Au sens strict, les établissements financiers désignent les personnes physiques ou morales, autres que les banques, qui font profession d’effectuer pour leur propre compte des opérations de crédit, de vente à crédit ou de change.
Au titre de l’article 18 de la Loi n° 2016-48 du 11 juillet 2016 de la Banque Centrale de la Tunisie, relative aux banques et aux établissements financiers : « est considéré établissement financier, toute personne morale qui exerce à titre habituel, les opérations bancaires visées par le premier article du présent titre à l’exception des opérations de collecte des dépôts du public et de mise à disposition de la clientèle des moyens de paiement.
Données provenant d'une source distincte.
text \<open>With \<open>Cp\<close> the cone of \<open>p\<close>, the octahedra for \<open>i \<circ> p\<close> and for \<open>p \<circ> i = 1\<close> give distinguished
  triangles \<open>Cp \<rightarrow> K \<rightarrow> Ci \<rightarrow> \<Sigma>Cp\<close>, whose last map vanishes, and \<open>Ci \<rightarrow> 0 \<rightarrow> Cp \<rightarrow> \<Sigma>Ci\<close>.\<close>

lemma dist_cone_split_idempotent:
  assumes i: "i \<in> hom C W F" and p: "p \<in> hom C F W" and pi: "cmp C W F W p i = idm C W"
    and di: "(W, F, Ci, i, g, h) \<in> dist C" and dK: "(F, F, K, cmp C F W F i p, g', h') \<in> dist C"
  shows "retract Ci K" and "\<And>S. thick C S \<Longrightarrow> Ci \<in> S \<Longrightarrow> K \<in> S"
proof -
  have W: "W \<in> ob C" and F: "F \<in> ob C" and K: "K \<in> ob C" and Ci: "Ci \<in> ob C"
    and h: "h \<in> hom C Ci (sho C W)"
    using distD[OF di] distD[OF dK] by auto
  obtain Cp f2 f3 where dp: "(F, W, Cp, p, f2, f3) \<in> dist C"
    using dist_cone_exists F W p by blast
  have Cp: "Cp \<in> ob C" and f2: "f2 \<in> hom C W Cp"
    using distD[OF dp] by auto
  obtain u v where "(Cp, K, Ci, u, v, cmp C Ci (sho C W) (sho C Cp) (shm C W Cp f2) h) \<in> dist C"
    using octahedral[OF dp di dK] by blast
  moreover have "f2 = zerom C W Cp"
  proof -
    have "f2 = cmp C W W Cp f2 (cmp C W F W p i)"
      using pi W Cp f2 by simp
    also have "\<dots> = cmp C W F Cp (cmp C F W Cp f2 p) i"
      using cmp_assoc[of W F W Cp i p f2] W F Cp f2 p i by simp
    finally show ?thesis
      using dist_cmp12_zero[OF dp] W F Cp i by simp
  qed
  ultimately have dC: "(Cp, K, Ci, u, v, zerom C Ci (sho C Cp)) \<in> dist C"
    using W Cp Ci h by simp
  have "cmp C Ci Ci (sho C Cp) (zerom C Ci (sho C Cp)) (idm C Ci) = zerom C Ci (sho C Cp)"
    using Ci Cp by simp
  then obtain s where "s \<in> hom C Ci K" "cmp C Ci K Ci v s = idm C Ci"
    using dist_weak_kernel[OF dist_rotate[OF dC] Ci idm_closed[OF Ci]] by blast
  then show "retract Ci K"
    unfolding retract_def using distD[OF dC] by blast
  have "(W, W, zobj, cmp C W F W p i, zerom C W zobj, zerom C zobj (sho C W)) \<in> dist C"
    using dist_trivial[OF W is_zero_zobj] pi by simp
  then obtain u' v' where dCz: "(Ci, zobj, Cp, u', v', cmp C Cp (sho C F) (sho C Ci) (shm C F Ci g) f3) \<in> dist C"
    using octahedral[OF di dp] by blast
  fix S assume S: "thick C S" and "Ci \<in> S"
  moreover have "Cp \<in> S"
    using thick_dist(1)[OF S dCz] thick_zero_obj[OF S is_zero_zobj] \<open>Ci \<in> S\<close> by blast
  ultimately show "K \<in> S"
    using thick_dist(3)[OF S dC] by blast
qed

end

section \<open>Exact functors\<close>

locale exact_fun = src: triangulated_cat T + tgt: triangulated_cat T'
  for T :: "('o, 'm, 'z) tricat_scheme" and T' :: "('p, 'n, 'y) tricat_scheme" +
  fixes fo :: "'o \<Rightarrow> 'p" and fm :: "'o \<Rightarrow> 'o \<Rightarrow> 'm \<Rightarrow> 'n" and phi :: "'o \<Rightarrow> 'n"
  assumes exact: "exact_functor T T' fo fm phi"
begin

lemma fo_closed [simp, intro]: "X \<in> ob T \<Longrightarrow> fo X \<in> ob T'"
  using exact unfolding exact_functor_def by meson

lemma fm_closed [intro]: "X \<in> ob T \<Longrightarrow> Y \<in> ob T \<Longrightarrow> f \<in> hom T X Y \<Longrightarrow> fm X Y f \<in> hom T' (fo X) (fo Y)"
  using exact unfolding exact_functor_def by meson

lemma fm_idm [simp]: "X \<in> ob T \<Longrightarrow> fm X X (idm T X) = idm T' (fo X)"
  using exact unfolding exact_functor_def by meson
Les activités d’un établissement financier

Le rôle attribué aux établissements financiers consiste principalement à financer le système économique dans un objectif de création de richesse et de valeur : production, emploi et pouvoir d’achat.
L’article 4 du chapitre premier de la Loi n° 2016-48 du 11 juillet 2016 de la Banque Centrale de la Tunisie spécifie les activités liées aux établissements financiers.
Ses activités sont :
– Les opérations d’octroi de crédits sous toutes leurs formes. – Les opérations de leasing. – Les opérations portant sur le service de gestion des crédits « factoring ».
– Les opérations bancaires islamiques.
Pour les besoins de notre étude, c’est à l’activité de crédit qu’on va s’intéresser de plus prés.
En effet, les établissements financiers jouent un rôle principal pour le financement des différents besoins des particuliers et des entreprises.
L’octroi de crédit est donc une fonction capitale, d’une part pour les établissements de crédits qui aspirent à la réalisation de profits, d’autre part pour les agents économiques qui se préoccupent de leurs financements et leurs développements.
Cependant l’activité de crédit n’est pas exempte de risques.
Bien au contraire, elle est en soit une acceptation inéluctable du crédit.
C’est dans ce contexte que les établissements de crédit se trouvent dans l’obligation d’établir une fiable politique de gestion des risques.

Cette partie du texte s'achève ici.